Felix toll rises to 98
Two days after the storm hit, dozens more bodies were recovered along the Miskito coastline that stretches across the Nicaragua-Honduras border.
The US, Honduran and Nicaraguan soldiers searched remote jungle beaches and the open sea on Wednesday for survivors and cadavers after Hurricane Felix claimed at least 98 lives, many of them Miskito Indians who died fleeing the Category 5 storm.
Two days after the storm hit, dozens more bodies were recovered along the Miskito coastline that stretches across the Nicaragua-Honduras border, including at least 44 indigenous fishermen whose bodies were found floating at sea, emergency officials said.
Abelino Cox, a spokesman for the Regional Emergency Committee, said the death toll from Felix had risen to at least 98, including two people who died in the village of Sing Sing, 60 kilometers (40 miles) north of Puerto Cabezas.
The storm also completely destroyed the ethnic Zumo and Mayagna Indian community of Awastingni, located 90 kilometers (55 miles) northwest of Puerto Cabezas, Cox said. Fourteen members of the community were missing. "This is horrifying," said committee official Brooklin Rivera, who lives in the area.

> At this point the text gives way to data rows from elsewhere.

text \<open>For \<open>\<alpha> \<noteq> 0\<close> the map \<open>x \<mapsto> Tr(\<alpha> x)\<close> is a nonzero additive polynomial of degree
  \<open>M = p\<^sup>w\<^sup>-\<^sup>1\<close>, so it takes each value in \<open>F\<^sub>p\<close> at most \<open>M\<close> times. Hence the exponential sum
  over \<open>A\<close> splits into \<open>M\<close> sums of distinct \<open>p\<close>-th roots of unity, of sizes \<open>r\<^sub>l\<close> adding up to
  \<open>|A|\<close>, and a sum of \<open>r\<close> distinct \<open>p\<close>-th roots of unity has modulus at most
  \<open>sin (\<pi> r / p) / sin (\<pi> / p)\<close>, the value for \<open>r\<close> consecutive ones. Over all \<open>m = 2\<^sup>\<mu>\<close> sets
  this gives \<open>m M\<close> terms \<open>sin (\<pi> r / p)\<close> whose arguments add up to \<open>\<pi> M\<close>, and concavity of
  \<open>sin\<close> on \<open>[0, \<pi>]\<close> bounds their sum by \<open>m M sin (\<pi> / m)\<close>.\<close>

section \<open>The trace of a finite field\<close>

text \<open>The library version \<open>finite_field_power_card_eq_same\<close> requires the type class
  \<open>finite_field\<close>, which \<open>{field,finite}\<close> is not registered as.\<close>
lemma field_power_card_eq_same:
  fixes x :: "'a::{field,finite}"
  shows "x ^ CARD('a) = x"
proof (cases "x = 0")
  case False
  define G :: "'a monoid" where "G = \<lparr>carrier = UNIV - {0}, monoid.mult = (*), one = 1\<rparr>"
  interpret G: comm_group G
  proof (rule comm_groupI)
    fix y assume "y \<in> carrier G"
    then show "\<exists>z\<in>carrier G. z \<otimes>\<^bsub>G\<^esub> y = \<one>\<^bsub>G\<^esub>"
      by (intro bexI[of _ "inverse y"]) (simp_all add: G_def)
  qed (simp_all add: G_def mult_ac)
  have pow: "x [^]\<^bsub>G\<^esub> n = x ^ n" for n
    by (induction n) (simp_all add: G_def)
  have "x ^ (CARD('a) - 1) = 1"
    using G.power_order_eq_one[of x] False unfolding pow by (simp add: G_def card_Diff_singleton)
  moreover have "x ^ CARD('a) = x ^ (CARD('a) - 1) * x"
    using finite_UNIV_card_ge_0[where 'a='a] by (simp add: power_eq_if mult.commute)
  ultimately show ?thesis
    by simp
qed (simp add: finite_UNIV_card_ge_0)

lemma CHAR_eq_prime_if_card_eq_power:
  assumes "prime p" and "CARD('a::{field,finite}) = p ^ w"
  shows "CHAR('a) = p"
proof -
  have "CHAR('a) > 0"
    by (simp add: finite_imp_CHAR_pos)
  then have CHAR_prime: "prime CHAR('a)"
    by (rule prime_CHAR_semidom)
  moreover have "CHAR('a) dvd p ^ w"
    using CHAR_dvd_CARD[where 'a='a] assms(2) by simp
  then have "CHAR('a) dvd p"
    using CHAR_prime prime_dvd_power by blast
  ultimately show ?thesis
    using assms(1) by (simp add: primes_dvd_imp_eq)
qed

Felix damaged or destroyed 8,000 houses in and around Puerto Cabezas and 18,000 Nicaraguans are living in shelters, civil defence officials said.
Earlier on Thursday, rescuers found at least 25 bodies floating in waters off Honduras' coast and another 32 people were still missing after their village was destroyed and the boats they fled on capsized. Some 52 survivors washed ashore or were found clinging to debris.